### Supplied information
* * *

lemma Delta_reg_stolz_angle:
  assumes "0 < \<eta>" "\<eta> < 1" "\<alpha> \<in> stolz_angle K \<xi>" "z \<in> Delta_reg \<eta> \<alpha>"
  shows "z \<in> stolz_angle ((K + \<eta>) / (1 - \<eta>)) \<xi>"
proof -
  have \<alpha>: "norm \<alpha> < 1" "norm (\<xi> - \<alpha>) \<le> K * (1 - norm \<alpha>)"
    using assms(3) by (auto simp: stolz_angle_def)
  note distortion = Delta_reg_distortion[OF assms(1,2) \<alpha>(1) assms(4)]
  have "norm (\<xi> - z) \<le> norm (\<xi> - \<alpha>) + norm (z - \<alpha>)"
    using norm_triangle_ineq4[of "\<xi> - \<alpha>" "z - \<alpha>"] by simp
  also have "\<dots> \<le> (K + \<eta>) * (1 - norm \<alpha>)"
    using \<alpha> assms(4) by (simp add: Delta_reg_def algebra_simps)
  also have "\<dots> \<le> (K + \<eta>) / (1 - \<eta>) * (1 - norm z)"
  proof -
    have "0 \<le> K * (1 - norm \<alpha>)" using \<alpha> norm_ge_zero[of "\<xi> - \<alpha>"] by linarith
    then have "0 \<le> K" using \<alpha> by (simp add: zero_le_mult_iff)
    then have "(K + \<eta>) * ((1 - \<eta>) * (1 - norm \<alpha>)) \<le> (K + \<eta>) * (1 - norm z)"
      using distortion(2) assms(1) by (intro mult_left_mono) auto
    then show ?thesis using assms(1,2) by (simp add: field_simps)
  qed
  finally show ?thesis using distortion(1) by (simp add: stolz_angle_def)
qed

lemma Union_Delta_reg_stolz_angle_subset:
  assumes "0 < \<eta>" "\<eta> < 1" "1 \<le> K" "norm \<xi> = 1"
  shows "(\<Union>\<alpha>\<in>stolz_angle K \<xi>. Delta_reg \<eta> \<alpha>)
           \<subseteq> Gamma_reg (1 - 1 / (4 * ((K + \<eta>) / (1 - \<eta>))^2)) \<xi> \<inter> ball 0 1"
proof -
  have "1 \<le> (K + \<eta>) / (1 - \<eta>)"
    using assms by (simp add: field_simps)
  then have "stolz_angle ((K + \<eta>) / (1 - \<eta>)) \<xi> \<subseteq> Gamma_reg (1 - 1 / (4 * ((K + \<eta>) / (1 - \<eta>))^2)) \<xi>"
    by (rule stolz_angle_subset_Gamma_reg[OF _ assms(4)])
  moreover have "stolz_angle ((K + \<eta>) / (1 - \<eta>)) \<xi> \<subseteq> ball 0 1"
    by (auto simp: stolz_angle_def)
  moreover have "(\<Union>\<alpha>\<in>stolz_angle K \<xi>. Delta_reg \<eta> \<alpha>) \<subseteq> stolz_angle ((K + \<eta>) / (1 - \<eta>)) \<xi>"
    using Delta_reg_stolz_angle[OF assms(1,2)] by blast
  ultimately show ?thesis by blast
qed

lemma sets_area_m [simp, measurable_cong]: "sets area_m = sets borel"
  by (simp add: area_m_def)

lemma space_area_m [simp]: "space area_m = UNIV"
  by (simp add: area_m_def)

lemma emeasure_area_m_ball:
  assumes "0 \<le> r"
  shows "emeasure area_m (ball c r) = ennreal (r^2)"
proof -
  have "emeasure area_m (ball c r) = ennreal (1 / pi) * emeasure lborel (ball c r)"
    unfolding area_m_def by (subst emeasure_density) (auto intro: nn_integral_cmult_indicator)
  also have "\<dots> = ennreal (r^2)"
    using assms by (simp add: emeasure_ball unit_ball_vol_2 flip: ennreal_mult)
  finally show ?thesis .
qed

lemma measure_area_m_Delta_reg:
  assumes "0 \<le> \<eta>" "norm \<alpha> \<le> 1"
  shows "measure area_m (Delta_reg \<eta> \<alpha>) = (\<eta> * (1 - norm \<alpha>))^2"
  using emeasure_area_m_ball[of "\<eta> * (1 - norm \<alpha>)" \<alpha>] assms
  by (simp add: Delta_reg_eq_ball measure_def)

interpretation area_m: sigma_finite_measure area_m
  unfolding area_m_def
  by (subst sigma_finite_measure.sigma_finite_iff_density_finite'[OF sigma_finite_lborel]) auto

interpretation area_m_pair: pair_sigma_finite area_m area_m
  by (simp add: pair_sigma_finite_def area_m.sigma_finite_measure_axioms)

lemma ennreal_integral_le_nn_integral:
  fixes f :: "'a \<Rightarrow> real"
  assumes "\<And>x. 0 \<le> f x"
  shows "ennreal (integral\<^sup>L M f) \<le> (\<integral>\<^sup>+ x. ennreal (f x) \<partial>M)"
proof (cases "integrable M f")
  case True
  then show ?thesis using assms by (simp add: nn_integral_eq_integral)
qed (simp add: not_integrable_integral_eq)

lemma nn_integral_set_cmult_ennreal:
  fixes g :: "'a \<Rightarrow> real"
  assumes "0 \<le> c" "g \<in> borel_measurable M" "U \<in> sets M"
  shows "(\<integral>\<^sup>+ x\<in>U. ennreal (c * g x) \<partial>M) = ennreal c * (\<integral>\<^sup>+ x\<in>U. ennreal (g x) \<partial>M)"
proof -
  note [measurable] = assms(2,3)
  have "(\<integral>\<^sup>+ x\<in>U. ennreal (c * g x) \<partial>M) = (\<integral>\<^sup>+ x. ennreal c * (ennreal (g x) * indicator U x) \<partial>M)"
    using assms(1) by (intro nn_integral_cong) (simp add: ennreal_mult' mult.assoc)
  also have "\<dots> = ennreal c * (\<integral>\<^sup>+ x\<in>U. ennreal (g x) \<partial>M)"
    by (intro nn_integral_cmult) measurable
  finally show ?thesis .
qed

lemma nn_integral_Delta_reg_kernel_le:
  assumes \<eta>: "0 < \<eta>" "\<eta> < 1" and S: "S \<subseteq> ball 0 1" and "0 \<le> y"
  shows "(\<integral>\<^sup>+ \<alpha>. ennreal (y / (\<eta>^2 * (1 - norm \<alpha>)^3)) * indicator (Delta_reg \<eta> \<alpha>) z * indicator S \<alpha> \<partial>area_m)
           \<le> ennreal ((1 + \<eta>)^3 / (1 - \<eta>)^2 * (y / (1 - norm z))) * indicator (\<Union>\<alpha>\<in>S. Delta_reg \<eta> \<alpha>) z"
proof (cases "z \<in> (\<Union>\<alpha>\<in>S. Delta_reg \<eta> \<alpha>)")
  case False
  then have "(\<lambda>\<alpha>. ennreal (y / (\<eta>^2 * (1 - norm \<alpha>)^3)) * indicator (Delta_reg \<eta> \<alpha>) z * indicator S \<alpha>)
      = (\<lambda>_. 0)"
    by (auto simp: fun_eq_iff indicator_def)
  then show ?thesis using False by simp
next
  case True
  then obtain \<alpha>\<^sub>0 where "norm \<alpha>\<^sub>0 < 1" "z \<in> Delta_reg \<eta> \<alpha>\<^sub>0" using S by auto
  then have \<delta>: "0 < 1 - norm z" using Delta_reg_distortion(1)[OF \<eta>] by auto
  \<comment> \<open>every \<alpha> with z \<in> \<Delta>(\<alpha>) lies in a disc about z of radius R and has 1 - |\<alpha>| comparable to 1 - |z|\<close>
  define R where "R = \<eta> * (1 - norm z) / (1 - \<eta>)"
  define c where "c = y * (1 + \<eta>)^3 / (\<eta>^2 * (1 - norm z)^3)"
  have kernel_le: "ennreal (y / (\<eta>^2 * (1 - norm \<alpha>)^3)) * indicator (Delta_reg \<eta> \<alpha>) z * indicator S \<alpha>
      \<le> ennreal c * indicator (ball z R) \<alpha>" for \<alpha>
  proof (cases "\<alpha> \<in> S \<and> z \<in> Delta_reg \<eta> \<alpha>")
    case True
    then have \<alpha>: "norm \<alpha> < 1" using S by auto
    note distortion = Delta_reg_distortion[OF \<eta> \<alpha>, of z]
    have "dist z \<alpha> < \<eta> * (1 - norm \<alpha>)"
      using True by (simp add: Delta_reg_eq_ball dist_commute)
    also have "\<dots> \<le> R"
    proof -
      have "\<eta> * ((1 - \<eta>) * (1 - norm \<alpha>)) \<le> \<eta> * (1 - norm z)"
        using distortion(2) True \<eta> by (intro mult_left_mono) auto
      then show ?thesis using \<eta> by (simp add: R_def field_simps)
    qed
    finally have "\<alpha> \<in> ball z R" by simp
    have "((1 - norm z) / (1 + \<eta>))^3 \<le> (1 - norm \<alpha>)^3"
      using distortion(3) True \<eta> \<delta> by (intro power_mono) (auto simp: field_simps)
    then have "y / (\<eta>^2 * (1 - norm \<alpha>)^3) \<le> y / (\<eta>^2 * ((1 - norm z) / (1 + \<eta>))^3)"
      using \<eta> \<delta> \<alpha> \<open>0 \<le> y\<close> by (intro divide_left_mono mult_left_mono mult_pos_pos) auto
    also have "\<dots> = c"
      using \<eta> by (simp add: c_def power_divide field_simps)
    finally show ?thesis using True \<open>\<alpha> \<in> ball z R\<close> by (simp add: ennreal_leI)
  qed (auto simp: indicator_def)
  have "(\<integral>\<^sup>+ \<alpha>. ennreal (y / (\<eta>^2 * (1 - norm \<alpha>)^3)) * indicator (Delta_reg \<eta> \<alpha>) z * indicator S \<alpha> \<partial>area_m)
      \<le> (\<integral>\<^sup>+ \<alpha>. ennreal c * indicator (ball z R) \<alpha> \<partial>area_m)"
    by (intro nn_integral_mono kernel_le)
  also have "\<dots> = ennreal (c * R^2)"
  proof -
    have "0 \<le> c" "0 \<le> R" using \<eta> \<delta> \<open>0 \<le> y\<close> by (auto simp: c_def R_def)
    then show ?thesis by (simp add: nn_integral_cmult_indicator emeasure_area_m_ball ennreal_mult)
  qed
  also have "c * R^2 = (1 + \<eta>)^3 / (1 - \<eta>)^2 * (y / (1 - norm z))"
    using \<eta> \<delta> unfolding c_def R_def
    by (simp add: power_divide power_mult_distrib divide_simps) (simp add: power2_eq_square power3_eq_cube)
  finally show ?thesis using True by simp
qed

* * *

### What is needed
Copy, exactly as written, the lines above, beginning with the one that contains "finally show ?thesis using True \<open>\<alpha>" and ending with the last.

### Written response
    finally show ?thesis using True \<open>\<alpha> \<in> ball z R\<close> by (simp add: ennreal_leI)
  qed (auto simp: indicator_def)
  have "(\<integral>\<^sup>+ \<alpha>. ennreal (y / (\<eta>^2 * (1 - norm \<alpha>)^3)) * indicator (Delta_reg \<eta> \<alpha>) z * indicator S \<alpha> \<partial>area_m)
      \<le> (\<integral>\<^sup>+ \<alpha>. ennreal c * indicator (ball z R) \<alpha> \<partial>area_m)"
    by (intro nn_integral_mono kernel_le)
  also have "\<dots> = ennreal (c * R^2)"
  proof -
    have "0 \<le> c" "0 \<le> R" using \<eta> \<delta> \<open>0 \<le> y\<close> by (auto simp: c_def R_def)
    then show ?thesis by (simp add: nn_integral_cmult_indicator emeasure_area_m_ball ennreal_mult)
  qed
  also have "c * R^2 = (1 + \<eta>)^3 / (1 - \<eta>)^2 * (y / (1 - norm z))"
    using \<eta> \<delta> unfolding c_def R_def
    by (simp add: power_divide power_mult_distrib divide_simps) (simp add: power2_eq_square power3_eq_cube)
  finally show ?thesis using True by simp
qed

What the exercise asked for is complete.